Гаврюшина (на всякий случай снимает фартук и вешает его на спинку стула). Даже слишком. Кто же это может быть?
Мак-Кенди. Гаврюшин, продай горшок! Помоги ребенку!
Максим. Ну, папа-а-а…
Гаврюшин. Заткнись!
Мак-Кенди. Конфуций так бы сыну не сказал!
Гаврюшин. Конфуций его просто убил бы!
Из-за ширмы выглядывает Китаец и согласно кивает.
Мак-Кенди. Shitsky![3]
Из прихожей удивленно пятится Алена. На нее наступает молодой человек — высокий, широкоплечий, с буйной шевелюрой. В руках у него большая спортивная сумка.
Алена. Вам кого?
Гаврюшин (смущенно). Шейкер мы отдадим, но он пустой…
Алена. Папа, это не бармен.
Гаврюшин. А-а… Понятно. Верни ему этюдник!
Алена. Это не художник. Гораздо лучше!
Максим (тихо). Это наводчик… Они всегда дверью ошибаются!
Артем. Мне бы Веру Николаевну…
Гаврюшина. Я — Вера Николаевна. В чем дело?
Артем. Вера Николаевна, давайте прямо сегодня, сейчас…
Гаврюшина. Что сегодня?
Артем. Ну, то самое, о чем договорились.
Гаврюшин. Интересно, о чем вы договорились?
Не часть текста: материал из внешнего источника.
theorem mainTheorem13:
  fixes n :: nat and M :: "'m topology" and E :: "'e topology" and \<pi> :: "'e \<Rightarrow> 'm"
    and V :: "nat \<Rightarrow> 'v::euclidean_space set" and \<Lambda> :: "'a set" and U :: "'a \<Rightarrow> 'm set"
    and \<Theta> :: "'a \<Rightarrow> 'e \<Rightarrow> 'm \<times> (nat set \<Rightarrow> 'v)"
  assumes "symmetric_nfold_atlas n M E \<pi> V \<Lambda> U \<Theta>"
  shows "\<exists>\<Phi> :: (nat \<Rightarrow> nat) \<Rightarrow> 'e \<Rightarrow> 'e.
           (\<forall>\<sigma>. \<sigma> permutes {1..n} \<longrightarrow>
              (\<forall>\<alpha>\<in>\<Lambda>. \<forall>e\<in>chart_domain E \<pi> (U \<alpha>).
                 \<Phi> \<sigma> e \<in> chart_domain E \<pi> (U \<alpha>) \<and>
                 \<Theta> \<alpha> (\<Phi> \<sigma> e) = local_perm n \<sigma> (\<Theta> \<alpha> e))) \<and>
           (\<forall>e\<in>topspace E. \<Phi> id e = e) \<and>
           (\<forall>\<sigma> \<tau>. \<sigma> permutes {1..n} \<longrightarrow> \<tau> permutes {1..n} \<longrightarrow>
              (\<forall>e\<in>topspace E. \<Phi> (\<sigma> \<circ> \<tau>) e = \<Phi> \<sigma> (\<Phi> \<tau> e)))"
proof -
  let ?G = "{\<sigma>. \<sigma> permutes {1..n}}" and ?D = "\<lambda>\<alpha>. chart_domain E \<pi> (U \<alpha>)"
  have cont: "continuous_map E M \<pi>" and sub: "\<And>k. subspace (V k)"
    and cover: "topspace M \<subseteq> (\<Union>\<alpha>\<in>\<Lambda>. U \<alpha>)"
    and bij: "\<And>\<alpha>. \<alpha> \<in> \<Lambda> \<Longrightarrow> bij_betw (\<Theta> \<alpha>) (?D \<alpha>) (chart_range n M V (U \<alpha>))"
    using assms by (auto simp: symmetric_nfold_atlas_def intro: nfold_chart_bij_betw)
  have "\<exists>\<Phi>. (\<forall>\<sigma>\<in>?G. \<forall>\<alpha>\<in>\<Lambda>. \<forall>e\<in>?D \<alpha>. \<Phi> \<sigma> e \<in> ?D \<alpha> \<and> \<Theta> \<alpha> (\<Phi> \<sigma> e) = local_perm n \<sigma> (\<Theta> \<alpha> e)) \<and>
      (\<forall>e\<in>topspace E. \<Phi> id e = e) \<and>
      (\<forall>\<sigma>\<in>?G. \<forall>\<tau>\<in>?G. \<forall>e\<in>topspace E. \<Phi> (\<sigma> \<circ> \<tau>) e = \<Phi> \<sigma> (\<Phi> \<tau> e))"
  proof (rule glue_local_actions)
    show "\<exists>\<alpha>\<in>\<Lambda>. e \<in> ?D \<alpha>" if "e \<in> topspace E" for e
      using that cover continuous_map_image_subset_topspace[OF cont] by (auto simp: chart_domain_def)
    show "?D \<alpha> \<subseteq> topspace E" for \<alpha>
      by (auto simp: chart_domain_def)
    show "inj_on (\<Theta> \<alpha>) (?D \<alpha>)" if "\<alpha> \<in> \<Lambda>" for \<alpha>
      using bij[OF that] by (rule bij_betw_imp_inj_on)
    show "id \<in> ?G" "\<And>\<sigma> \<tau>. \<sigma> \<in> ?G \<Longrightarrow> \<tau> \<in> ?G \<Longrightarrow> \<sigma> \<circ> \<tau> \<in> ?G"
      by (simp_all add: permutes_id permutes_compose)
    show "local_perm n \<sigma> x \<in> \<Theta> \<alpha> ` ?D \<alpha>"
      if "\<alpha> \<in> \<Lambda>" "\<sigma> \<in> ?G" "x \<in> \<Theta> \<alpha> ` ?D \<alpha>" for \<alpha> \<sigma> x
      using local_perm_chart_range[of \<sigma> n V x M "U \<alpha>"] that sub bij_betw_imp_surj_on[OF bij[OF that(1)]]
      by auto
    show "local_perm n id x = x" if "\<alpha> \<in> \<Lambda>" "x \<in> \<Theta> \<alpha> ` ?D \<alpha>" for \<alpha> x
      using local_perm_id that bij_betw_imp_surj_on[OF bij[OF that(1)]] by blast
    show "local_perm n (\<sigma> \<circ> \<tau>) x = local_perm n \<sigma> (local_perm n \<tau> x)" if "\<sigma> \<in> ?G" "\<tau> \<in> ?G" for \<sigma> \<tau> x
      using that by (intro local_perm_comp) simp_all
    show "e' \<in> ?D \<beta> \<and> \<Theta> \<beta> e' = local_perm n \<sigma> (\<Theta> \<beta> e)"
      if "\<alpha> \<in> \<Lambda>" "\<beta> \<in> \<Lambda>" "\<sigma> \<in> ?G" "e \<in> ?D \<alpha>" "e \<in> ?D \<beta>" "e' \<in> ?D \<alpha>"
        "\<Theta> \<alpha> e' = local_perm n \<sigma> (\<Theta> \<alpha> e)" for \<alpha> \<beta> \<sigma> e e'
      using that by (intro local_perm_chart_transition[OF assms]) simp_all
  qed
  then show ?thesis by auto
qed
lemma card_sumset_mult_le_card_shifted_tuples:
  assumes "finite A" and "finite C"
  shows "card (sumset A C) * card A ^ k \<le> card (shifted_tuples A C (k + 1))"
proof (rule card_mult_le_card_if_fibres_ge[where f = hd])
  show "finite (shifted_tuples A C (k + 1))"
    using assms by (rule finite_shifted_tuples)
  fix x assume "x \<in> sumset A C"
  then obtain b c where b: "b \<in> A" and c: "c \<in> C" and x: "x = b + c"
    unfolding sumset_def by blast
  let ?L = "{xs. set xs \<subseteq> A \<and> length xs = k}"
  let ?g = "\<lambda>xs. map (\<lambda>y. y + c) (b # xs)"
  have "inj_on ?g ?L"
    by (rule inj_onI) simp
  then have "card A ^ k = card (?g ` ?L)"
    using assms(1) by (simp add: card_image card_lists_length_eq)
  also have "\<dots> \<le> card {t \<in> shifted_tuples A C (k + 1). hd t = x}"
  proof (rule card_mono)
    show "finite {t \<in> shifted_tuples A C (k + 1). hd t = x}"
      using finite_shifted_tuples[OF assms] by simp
    show "?g ` ?L \<subseteq> {t \<in> shifted_tuples A C (k + 1). hd t = x}"
      using b c unfolding x shifted_tuples_def by fastforce
  qed
  finally show "card A ^ k \<le> card {t \<in> shifted_tuples A C (k + 1). hd t = x}" .
qed

lemma card_diffset_mult_le_card_shifted_tuples:
  assumes "finite A" and "finite C"
  shows "card (diffset A A) * (card C * card A ^ k) \<le> card (shifted_tuples A C (k + 2))"
proof (rule card_mult_le_card_if_fibres_ge[where f = "\<lambda>t. hd t - hd (tl t)"
      and X = "diffset A A" and m = "card C * card A ^ k"])
  show "finite (shifted_tuples A C (k + 2))"
    using assms by (rule finite_shifted_tuples)
  fix d assume "d \<in> diffset A A"
  then obtain p q where p: "p \<in> A" and q: "q \<in> A" and d: "d = p - q"
    unfolding diffset_def by blast
  let ?L = "C \<times> {xs. set xs \<subseteq> A \<and> length xs = k}"
  let ?g = "\<lambda>(c, xs). map (\<lambda>y. y + c) (p # q # xs)"
  have "inj_on ?g ?L"
  proof (rule inj_onI)
    fix u v assume "?g u = ?g v"
    moreover obtain c xs c' xs' where "u = (c, xs)" "v = (c', xs')"
      by fastforce
    ultimately show "u = v"
      by auto
  qed
  then have "card C * card A ^ k = card (?g ` ?L)"
    using assms by (simp add: card_image card_lists_length_eq card_cartesian_product)
  also have "\<dots> \<le> card {t \<in> shifted_tuples A C (k + 2). hd t - hd (tl t) = d}"
  proof (rule card_mono)
    show "finite {t \<in> shifted_tuples A C (k + 2). hd t - hd (tl t) = d}"
      using finite_shifted_tuples[OF assms] by simp
    show "?g ` ?L \<subseteq> {t \<in> shifted_tuples A C (k + 2). hd t - hd (tl t) = d}"
    proof
      fix t assume "t \<in> ?g ` ?L"
      then obtain c xs where t: "t = ?g (c, xs)" and "c \<in> C" "set xs \<subseteq> A" "length xs = k"
        by blast
      then show "t \<in> {t \<in> shifted_tuples A C (k + 2). hd t - hd (tl t) = d}"
        using p q unfolding d shifted_tuples_def
        by (intro CollectI conjI exI[of _ "p # q # xs"] exI[of _ c]) auto
    qed
  qed
  finally show "card C * card A ^ k \<le> card {t \<in> shifted_tuples A C (k + 2). hd t - hd (tl t) = d}" .
qed

lemma card_le_sum_card_pow_if_Cons:
  assumes "finite X" and "\<And>x. x \<in> X \<Longrightarrow> finite (F x)"
    and "\<And>t. t \<in> T \<Longrightarrow> \<exists>x xs. t = x # xs \<and> x \<in> X \<and> set xs \<subseteq> F x \<and> length xs = k"
  shows "card T \<le> (\<Sum>x\<in>X. card (F x) ^ k)"
proof -
  let ?\<Sigma> = "Sigma X (\<lambda>x. {xs. set xs \<subseteq> F x \<and> length xs = k})"
  have fin: "finite ?\<Sigma>"
    using assms(1,2) by (simp add: finite_lists_length_eq)
  have "T \<subseteq> (\<lambda>(x, xs). x # xs) ` ?\<Sigma>"
    using assms(3) by fastforce
  then have "card T \<le> card ((\<lambda>(x, xs). x # xs) ` ?\<Sigma>)"
    using fin by (intro card_mono) simp_all
  also have "\<dots> \<le> card ?\<Sigma>"
    by (rule card_image_le[OF fin])
  also have "\<dots> = (\<Sum>x\<in>X. card (F x) ^ k)"
    using assms(1,2) by (simp add: finite_lists_length_eq card_lists_length_eq)
  finally show ?thesis .
qed

lemma card_Xsec_eq: "card (Xsec X s) = card {y \<in> X. y - s \<in> X}"
proof -
  have "Xsec X s = (\<lambda>y. y - s) ` {y \<in> X. y - s \<in> X}"
    unfolding Xsec_def by force
  moreover have "inj_on (\<lambda>y. y - s) {y \<in> X. y - s \<in> X}"
    by (rule inj_onI) simp
  ultimately show ?thesis
    by (simp add: card_image)
qed

lemma card_tuples_minus_diag_le_Ek:
  assumes "finite A"
  defines "D \<equiv> diffset A A"
  shows "card (tuples_minus_diag A (k + 1)) \<le> Ek D k D"
proof -
  have "card (tuples_minus_diag A (k + 1)) \<le> (\<Sum>s\<in>D. card {y \<in> D. y - s \<in> D} ^ k)"
  proof (rule card_le_sum_card_pow_if_Cons)
    show "finite D"
      unfolding D_def using assms(1) by (intro finite_diffset)
    then show "finite {y \<in> D. y - s \<in> D}" for s
      by simp
    fix t assume "t \<in> tuples_minus_diag A (k + 1)"
    then obtain b xs a where t: "t = map (\<lambda>x. x - a) (b # xs)" and "length xs = k"
      and "b \<in> A" "set xs \<subseteq> A" "a \<in> A"
      unfolding tuples_minus_diag_def by (auto simp: length_Suc_conv)
    moreover have "c - a - (b - a) = c - b" for c
      by (simp add: algebra_simps)
    ultimately show "\<exists>s ys. t = s # ys \<and> s \<in> D \<and> set ys \<subseteq> {y \<in> D. y - s \<in> D} \<and> length ys = k"
      unfolding D_def diffset_def by fastforce
  qed
  then show ?thesis
    unfolding Ek_def by (simp add: card_Xsec_eq)
qed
Артем. Это вас не касается.
Максим. А повежливей нельзя?
Мак-Кенди. Верочка, у меня тоже есть молодой друг, но он не такой настойчивый…
Алена (ей, тихо). У мамы никого нет.
Мак-Кенди. Ну и зря!
Гаврюшина. Ничего не понимаю! О чем мы договорились? Вы кто?
Артем. Я от Непочатого.
Гаврюшина. Ах, вот оно что!
Гаврюшин. Кто это?
Гаврюшина. Это господин… э-э-э… Бударин. Он пришел на первое занятие. Вас как по отчеству?
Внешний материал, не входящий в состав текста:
(* For any fixed positive integer $R$, for each $n$ there exists a sequence of reals $S=(\alpha_0,\ldots,\alpha_{M-1})$ such that every permutation $\sigma$ of $\{1,\ldots,n\}$ differs by at most $R$ transpositions from the order type of some consecutive $n$-word $(\alpha_i,\ldots,\alpha_{i+n-1})$ (indices mod $M$) of $S$, and $$\frac{n!}{n^{2R}}\prec M\prec\frac{n!\log n}{n^{2R}}.$$
   Context: Two sequences $(a_1,\ldots,a_k),(b_1,\ldots,b_k)\in\mathbb{R}^k$ have the same order type if $a_i<a_j$ iff $b_i<b_j$ for all $1\le i,j\le k$; the order type of a sequence of distinct reals is identified with the corresponding permutation of $\{1,\ldots,n\}$. The distance between permutations is the minimum number of transpositions needed to transform one into the other. $f\prec g$ means there is $c>0$ with $f(n)\le c\,g(n)$ for all sufficiently large $n$. *)

theory Defs
  imports "HOL-Analysis.Analysis" "HOL-Combinatorics.Combinatorics"
begin

text \<open>Permutations of {1..n} are represented (0-indexed) as permutations of {0..<n}.\<close>

definition perm_dist :: "nat \<Rightarrow> (nat \<Rightarrow> nat) \<Rightarrow> (nat \<Rightarrow> nat) \<Rightarrow> nat" where
  "perm_dist n \<sigma> \<tau> = (LEAST k. \<exists>ts. length ts = k \<and>
      (\<forall>(a,b)\<in>set ts. a < n \<and> b < n \<and> a \<noteq> b) \<and>
      \<sigma> = foldr (\<lambda>(a,b) f. Transposition.transpose a b \<circ> f) ts \<tau>)"

text \<open>Order type of (w 0, ..., w (n-1)) (assumed distinct): position j goes to its rank.\<close>
definition order_type :: "nat \<Rightarrow> (nat \<Rightarrow> real) \<Rightarrow> (nat \<Rightarrow> nat)" where
  "order_type n w = (\<lambda>j. if j < n then card {k. k < n \<and> w k < w j} else j)"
Артем. Можно без отчества. Просто — Артем.
Гаврюшина. Нельзя. Человеку нельзя без отчества.
Артем. Михайлович.
Гаврюшина. Артем Михайлович, я же сказала: завтра, в двенадцать тридцать. Сегодня у нас семейный обед. Приехали родственники…
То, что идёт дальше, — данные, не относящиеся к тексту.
(* Assume the setting of the context. If Assumption (A5) holds, then for every compact interval $I\subset(0,\infty)$ and $r>0$, \[\lim_{\delta\to0}\limsup_{n\to\infty}\sup_{\substack{x,y\in B_{G^n}(\rho,\alpha(n)r):\\ d_{G^n}(x,y)\le\alpha(n)\delta}}\sup_{t\in I}\beta(n)\left|q^n_{\lfloor\gamma(n)t\rfloor}(x)-q^n_{\lfloor\gamma(n)t\rfloor}(y)\right|=0.\]
   Context: Let $(E,d_E)$ be a metric space and $F\subseteq E$ such that $F\cap\overline{B}_E(x,r)$ is compact for all $x\in E$, $r>0$ ($\overline{B}_E$, $B_E$ closed and open balls in $E$). Let $d_F:=d_E|_{F\times F}$, $\rho\in F$, and $\nu$ a Radon measure of full support on $(F,d_F)$ (extended to $E$ by $\nu(A):=\nu(A\cap F)$). For a locally finite connected graph $G$ with at least two vertices and distinguished vertex $\rho(G)$: $d_G$ is the shortest-path metric, $B_G(x,r)$ the open $d_G$-ball; $\mu^G$ a symmetric weight with $\mu^G_{xy}>0$ iff $\{x,y\}$ is an edge; $\mu^G_x:=\sum_y\mu^G_{xy}$; $\nu^G(A):=\sum_{x\in A}\mu^G_x$; $X^G$ the discrete time simple random walk with $P_G(x,y)=\mu^G_{xy}/\mu^G_x$, law $\mathbf{P}^G_x$; $p^G_m(x,y):=\mathbf{P}^G_x(X^G_m=y)/\nu^G(\{y\})$, $q^G_m(x,y):=\frac12(p^G_m+p^G_{m+1})(x,y)$, $q^G_m(x):=q^G_m(\rho(G),x)$; generator $\mathcal{L}_Gf(x)=\sum_yP_G(x,y)(f(y)-f(x))$; $(f,g)_G:=\sum_xf(x)g(x)\nu^G(\{x\})$; $\mathcal{E}_G(f,g):=-(\mathcal{L}_Gf,g)_G$ on $\mathcal{F}_G:=\{f:\mathcal{E}_G(f,f)<\infty\}$; resistance metric $R_G(x,y):=\sup\{|f(x)-f(y)|^2/\mathcal{E}_G(f,f):f\in\mathcal{F}_G,\mathcal{E}_G(f,f)>0\}$. $(G^n)_{n\ge1}$ are such graphs with $V(G^n)\subseteq E$, $\rho(G^n)=\rho$; $\nu^n:=\nu^{G^n}$, $q^n:=q^{G^n}$. $(\alpha(n)),(\beta(n)),(\gamma(n))$ are non-negative sequences diverging to $\infty$. Assumption (A5): (i) there is $c>0$ with $d_{G^n}(x,y)\ge c\alpha(n)d_E(x,y)$ for all $x,y\in V(G^n)$, $n\ge1$, and a non-negative $\tilde\alpha(n)=o(\alpha(n))$ such that for each $r>0$ there are $c'<\infty$, $n_0$ with $d_{G^n}(x,y)\le c'\alpha(n)d_E(x,y)+\tilde\alpha(n)$ for all $x,y\in V(G^n)\cap B_E(\rho,r)$, $n\ge n_0$; (ii) for every $x\in F$, $r>0$, $\lim_n\beta(n)^{-1}\nu^n(B_E(x,r))=\nu(B_E(x,r))$; (iii) for some $\kappa\in(0,\infty)$ there exist constants $c_1,c_2,c_3\in(0,\infty)$ and an integer $n_0$ such that $R_{G^n}(x,y)\le c_1d_{G^n}(x,y)^\kappa$ for all $x,y\in V(G^n)$, and $c_2\gamma(n)\le\alpha(n)^\kappa\beta(n)\le c_3\gamma(n)$, for all $n\ge n_0$. *)

theory Defs
  imports "HOL-Analysis.Analysis" "HOL-Library.Landau_Symbols"
begin

definition gadj :: "'a set \<Rightarrow> ('a \<Rightarrow> 'a \<Rightarrow> real) \<Rightarrow> 'a \<Rightarrow> 'a \<Rightarrow> bool" where
  "gadj V mu x y \<longleftrightarrow> x \<in> V \<and> y \<in> V \<and> mu x y > 0"

definition wgraph :: "'a set \<Rightarrow> ('a \<Rightarrow> 'a \<Rightarrow> real) \<Rightarrow> 'a \<Rightarrow> bool" where
  "wgraph V mu rt \<longleftrightarrow>
     rt \<in> V \<and> (\<exists>x\<in>V. \<exists>y\<in>V. x \<noteq> y) \<and>
     (\<forall>x y. mu x y = mu y x) \<and> (\<forall>x y. mu x y \<ge> 0) \<and>
     (\<forall>x y. mu x y > 0 \<longrightarrow> x \<in> V \<and> y \<in> V \<and> x \<noteq> y) \<and>
     (\<forall>x\<in>V. finite {y. gadj V mu x y}) \<and>
     (\<forall>x\<in>V. \<forall>y\<in>V. \<exists>k. (gadj V mu ^^ k) x y)"

definition gdist :: "'a set \<Rightarrow> ('a \<Rightarrow> 'a \<Rightarrow> real) \<Rightarrow> 'a \<Rightarrow> 'a \<Rightarrow> nat" where
  "gdist V mu x y = (LEAST k. (gadj V mu ^^ k) x y)"

definition gdeg :: "'a set \<Rightarrow> ('a \<Rightarrow> 'a \<Rightarrow> real) \<Rightarrow> 'a \<Rightarrow> real" where
  "gdeg V mu x = (\<Sum>y\<in>{y. gadj V mu x y}. mu x y)"

definition gmeasure :: "'a set \<Rightarrow> ('a \<Rightarrow> 'a \<Rightarrow> real) \<Rightarrow> 'a set \<Rightarrow> ennreal" where
  "gmeasure V mu A = (\<Sum>\<^sub>\<infinity>x\<in>A \<inter> V. ennreal (gdeg V mu x))"

definition gtrans :: "'a set \<Rightarrow> ('a \<Rightarrow> 'a \<Rightarrow> real) \<Rightarrow> 'a \<Rightarrow> 'a \<Rightarrow> real" where
  "gtrans V mu x y = mu x y / gdeg V mu x"

primrec gstep :: "'a set \<Rightarrow> ('a \<Rightarrow> 'a \<Rightarrow> real) \<Rightarrow> nat \<Rightarrow> 'a \<Rightarrow> 'a \<Rightarrow> real" where
  "gstep V mu 0 x y = (if x = y then 1 else 0)"
| "gstep V mu (Suc m) x y = (\<Sum>z\<in>{z. gadj V mu x z}. gtrans V mu x z * gstep V mu m z y)"

definition gheat :: "'a set \<Rightarrow> ('a \<Rightarrow> 'a \<Rightarrow> real) \<Rightarrow> nat \<Rightarrow> 'a \<Rightarrow> 'a \<Rightarrow> real" where
  "gheat V mu m x y = gstep V mu m x y / gdeg V mu y"

definition gq :: "'a set \<Rightarrow> ('a \<Rightarrow> 'a \<Rightarrow> real) \<Rightarrow> nat \<Rightarrow> 'a \<Rightarrow> 'a \<Rightarrow> real" where
  "gq V mu m x y = (gheat V mu m x y + gheat V mu (Suc m) x y) / 2"

definition genergy_dom :: "'a set \<Rightarrow> ('a \<Rightarrow> 'a \<Rightarrow> real) \<Rightarrow> ('a \<Rightarrow> real) set" where
  "genergy_dom V mu =
     {f. (\<lambda>(x,y). mu x y * (f x - f y)\<^sup>2) summable_on (V \<times> V)}"

definition genergy :: "'a set \<Rightarrow> ('a \<Rightarrow> 'a \<Rightarrow> real) \<Rightarrow> ('a \<Rightarrow> real) \<Rightarrow> real" where
  "genergy V mu f = (\<Sum>\<^sub>\<infinity>(x,y)\<in>V \<times> V. mu x y * (f x - f y)\<^sup>2) / 2"

definition gresist :: "'a set \<Rightarrow> ('a \<Rightarrow> 'a \<Rightarrow> real) \<Rightarrow> 'a \<Rightarrow> 'a \<Rightarrow> ereal" where
  "gresist V mu x y =
     (SUP f\<in>{f \<in> genergy_dom V mu. genergy V mu f > 0}.
        ereal ((f x - f y)\<^sup>2 / genergy V mu f))"

definition radon_full_support_on :: "'a::metric_space set \<Rightarrow> 'a measure \<Rightarrow> bool" where
  "radon_full_support_on F nu \<longleftrightarrow>
     sets nu = sets borel \<and>
     (\<forall>A\<in>sets nu. emeasure nu A = emeasure nu (A \<inter> F)) \<and>
     (\<forall>K. compact K \<longrightarrow> emeasure nu K < \<infinity>) \<and>
     (\<forall>A\<in>sets nu. emeasure nu A = (SUP K\<in>{K. compact K \<and> K \<subseteq> A}. emeasure nu K)) \<and>
     (\<forall>A\<in>sets nu. emeasure nu A = (INF U\<in>{U. open U \<and> A \<subseteq> U}. emeasure nu U)) \<and>
     (\<forall>x\<in>F. \<forall>r>0. emeasure nu (ball x r) > 0)"

end

theory Submission
  imports Defs
begin

text \<open>
  Let \<open>q\<^sub>m = q\<^sub>m(\<rho>, -)\<close>. Reversibility turns the Dirichlet energy of \<open>q\<^sub>m\<close> into a
  combination of return probabilities to \<open>\<rho>\<close>: \<open>E(q\<^sub>m) = (q\<^sub>2\<^sub>m(\<rho>) - q\<^sub>2\<^sub>m\<^sub>+\<^sub>2(\<rho>)) / 2\<close>,
  and a second non-negative quadratic form shows that \<open>E(q\<^sub>m)\<close> is non-increasing in \<open>m\<close>.
  Telescoping gives \<open>(m - j) E(q\<^sub>m) \<le> q\<^sub>2\<^sub>j(\<rho>) / 2\<close>, and \<open>q\<^sub>2\<^sub>j(\<rho>) \<le> 2/Vol + 2R/j\<close>
  because on a set \<open>B\<close> of volume \<open>Vol\<close> some point carries \<open>q\<^sub>2\<^sub>j \<le> 1/Vol\<close> while \<open>R\<close>
  bounds the resistance from \<open>\<rho>\<close> to \<open>B\<close>. Together with
  \<open>|q\<^sub>m(x) - q\<^sub>m(y)|\<^sup>2 \<le> R(x,y) E(q\<^sub>m)\<close> and \<open>R(x,y) \<le> c\<^sub>1 d(x,y)\<^sup>\<kappa>\<close>, the scalings
  \<open>Vol \<sim> \<beta>(n)\<close>, \<open>R \<sim> \<alpha>(n)\<^sup>\<kappa>\<close>, \<open>m \<sim> \<gamma>(n) t\<close> and \<open>\<alpha>(n)\<^sup>\<kappa> \<beta>(n) \<sim> \<gamma>(n)\<close> give
  \<open>\<beta>(n) |q\<^sub>m(x) - q\<^sub>m(y)| \<le> C \<delta>\<^sup>\<kappa>\<^sup>/\<^sup>2\<close> for all large \<open>n\<close> whenever \<open>d(x,y) \<le> \<alpha>(n) \<delta>\<close>.
\<close>

lemma sum_weighted_lincomb_sq:
  fixes w u v :: "'a \<Rightarrow> real"
  shows "(\<Sum>x\<in>S. w x * (a * u x + b * v x) * (a * u x + b * v x)) =
    a*a*(\<Sum>x\<in>S. w x * u x * u x) + 2*a*b*(\<Sum>x\<in>S. w x * u x * v x) + b*b*(\<Sum>x\<in>S. w x * v x * v x)"
proof -
  have "(\<Sum>x\<in>S. w x * (a * u x + b * v x) * (a * u x + b * v x)) =
     (\<Sum>x\<in>S. a*a*(w x * u x * u x) + 2*a*b*(w x * u x * v x) + b*b*(w x * v x * v x))"
    by (rule sum.cong) (auto simp: algebra_simps)
  then show ?thesis by (simp add: sum.distrib sum_distrib_left)
qed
Артем. Обед? Это хорошо. Я в аэропорту только булку с кофе выпил.
Алена с интересом разглядывает молодого человека.
Гаврюшина. Булки, молодой человек, не пьют.
Артем. Извините… Я кофе с булкой съел…
Алена. А кофе не едят. Какой вы смешной!
Мак-Кенди. Да, в аэропортах обычно отвратительный кофе. Я там никогда не пью. За исключением Вены и Рима. Вы откуда такой прилетели?
Артем. Из Старосибирска.
Мак-Кенди. А-а… Ну, извините, извините…
Максим. Он еще и гастарбайтер.
Гаврюшин. Если человек из Сибири, надо его накормить!
Алена. И напоить.
Гаврюшина. Спиртного в доме нет.
Артем. У меня с собой. Наш продукт! (Вынимает из сумки огромную бутылку водки.) «Старосибирская»! По рецепту Григория Распутина.
Алена. Ух ты, какая большая!
Артем. При царе четвертью называлась. Григорий Ефимович за обедом один выкушивал.
Гаврюшина (строго). Во-первых, Распутин пил мадеру. Во-вторых, Артем Михайлович, жду вас завтра в двенадцать тридцать и без бутылки. Всего доброго!